[Collected data entries]
+++
definition X :: "real \<Rightarrow> nat \<Rightarrow> seed_label \<Rightarrow> nat \<Rightarrow> real \<Rightarrow> real" where
  "X g N l j \<eta> = (case l of
      (v, TypeI) \<Rightarrow> laguerre (g + real j - 3/2) (int v) (- \<eta>)
    | (v, TypeII) \<Rightarrow> (-1) ^ (j - 1) * pochhammer (g - 1/2 - real v) (j - 1)
                      * \<eta> ^ (N - j) * laguerre (3/2 - g - real j) (int v) \<eta>)"

definition Z :: "real \<Rightarrow> nat \<Rightarrow> nat \<Rightarrow> real \<Rightarrow> real" where
  "Z g n j \<eta> = (-1) ^ (j - 1) * laguerre (g + real j - 3/2) (int n + 1 - int j) \<eta>"

end

theory Submission
  imports Defs "HOL-Computational_Algebra.Polynomial"
begin

(*
  Every derivative of a seed function and of P_n has a closed form, by three Laguerre identities:
    (L^(a)_(m+1))' = - L^(a+1)_m,
    L^(a)_v - (L^(a)_v)' = L^(a+1)_v,       i.e.  (e^x L^(a)_v(-x))' = e^x L^(a+1)_v(-x),
    a L^(a)_v + x (L^(a)_v)' = (v + a) L^(a-1)_v,  i.e.  (x^a L^(a)_v(x))' = (v + a) x^(a-1) L^(a-1)_v(x).
  So in an N-row Wronskian the column of a Type I seed is e^x times the column X^(N), that of a
  Type II seed is x^(3/2-g-N) times X^(N), and the column of P_n is Z^(N). These column factors
  leave the determinant, and against the prefactors in the definitions of Xi and P_D they
  cancel up to x^(-M_II (M_II - 1)). Nothing here needs g > 1/2 or distinct, admissible labels.
*)

lemma det_mat_scale_cols:
  fixes A :: "nat \<Rightarrow> nat \<Rightarrow> 'a :: comm_ring_1"
  shows "Determinant.det (mat n n (\<lambda>(i, k). c k * A i k))
       = (\<Prod>k<n. c k) * Determinant.det (mat n n (\<lambda>(i, k). A i k))"
proof -
  have "Determinant.det (mat n n (\<lambda>(i, k). c k * A i k)) =
     (\<Sum>p \<in> {p. p permutes {0..<n}}. signof p * (\<Prod>i = 0..<n. c (p i) * A i (p i)))"
    by (subst det_def'[of _ n]) (auto intro!: sum.cong prod.cong)
  also have "\<dots> = (\<Sum>p \<in> {p. p permutes {0..<n}}.
                   (\<Prod>k<n. c k) * (signof p * (\<Prod>i = 0..<n. A i (p i))))"
  proof (rule sum.cong[OF refl])
    fix p assume "p \<in> {p. p permutes {0..<n}}"
    then have "(\<Prod>i = 0..<n. c (p i)) = (\<Prod>k<n. c k)"
      using prod.permute[of p "{0..<n}" c] by (simp add: comp_def lessThan_atLeast0)
    then show "signof p * (\<Prod>i = 0..<n. c (p i) * A i (p i))
             = (\<Prod>k<n. c k) * (signof p * (\<Prod>i = 0..<n. A i (p i)))"
      by (simp add: prod.distrib)
  qed
  also have "\<dots> = (\<Prod>k<n. c k) * Determinant.det (mat n n (\<lambda>(i, k). A i k))"
    by (subst det_def'[of _ n]) (auto simp: sum_distrib_left intro!: sum.cong prod.cong)
  finally show ?thesis .
qed

lemma wronskian_eq_scaled_det:
  assumes "length fs = N"
    and "\<And>j k. j < N \<Longrightarrow> k < N \<Longrightarrow> (deriv ^^ j) (fs ! k) \<eta> = c k * A j k"
  shows "wronskian fs \<eta> = (\<Prod>k<N. c k) * Determinant.det (mat N N (\<lambda>(j, k). A j k))"
proof -
  have "wronskian fs \<eta> = Determinant.det (mat N N (\<lambda>(j, k). c k * A j k))"
    unfolding wronskian_def using assms
    by (auto intro!: arg_cong[where f = Determinant.det] cong_mat)
  then show ?thesis
    by (simp only: det_mat_scale_cols)
qed

definition laguerre_coeff :: "real \<Rightarrow> nat \<Rightarrow> nat \<Rightarrow> real" where
  "laguerre_coeff a m k =
     (if k \<le> m then (-1) ^ k * pochhammer (a + real k + 1) (m - k) / (fact (m - k) * fact k)
      else 0)"

definition laguerre_poly :: "real \<Rightarrow> nat \<Rightarrow> real poly" where
  "laguerre_poly a m = (\<Sum>k\<le>m. monom (laguerre_coeff a m k) k)"

lemma coeff_laguerre_poly: "coeff (laguerre_poly a m) k = laguerre_coeff a m k"
  unfolding laguerre_poly_def by (simp add: coeff_sum laguerre_coeff_def)

lemma pochhammer_minus_of_nat_mult_fact:
  "k \<le> m \<Longrightarrow> pochhammer (- real m) k * fact (m - k) = (-1) ^ k * (fact m :: real)"
proof (induction k)
  case 0
  then show ?case by simp
next
  case (Suc k)
  then have "(fact (m - k) :: real) = real (m - k) * fact (m - Suc k)"
    by (metis Suc_diff_Suc Suc_le_lessD fact_Suc of_nat_Suc)
  with Suc show ?case
    by (simp add: pochhammer_Suc of_nat_diff algebra_simps)
qed

lemma laguerre_eq_poly: "laguerre a (int m) x = poly (laguerre_poly a m) x"
proof -
  have "laguerre a (int m) x = (\<Sum>k\<le>m. laguerre_coeff a m k * x ^ k)"
    unfolding laguerre_def
  proof (simp add: sum_distrib_left, intro sum.cong refl)
    fix k assume "k \<in> {..m}"
    then have "k \<le> m" by simp
    then have "pochhammer (- real m) k = (-1) ^ k * fact m / fact (m - k)"
      using pochhammer_minus_of_nat_mult_fact by (simp add: field_simps)
    with \<open>k \<le> m\<close> show "pochhammer (- real m) k * pochhammer (a + real k + 1) (m - k) * x ^ k
        / (fact m * fact k) = laguerre_coeff a m k * x ^ k"
      by (simp add: laguerre_coeff_def field_simps)
  qed
  then show ?thesis
    by (simp add: laguerre_poly_def poly_sum poly_monom)
qed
+++
» PROBLEM DESCRIPTION: If a line in the entries contains the word "with", copy that line out.

» REPLY TO THE TASK:
  with Suc show ?case
    with \<open>k \<le> m\<close> show "pochhammer (- real m) k * pochhammer (a + real k + 1) (m - k) * x ^ k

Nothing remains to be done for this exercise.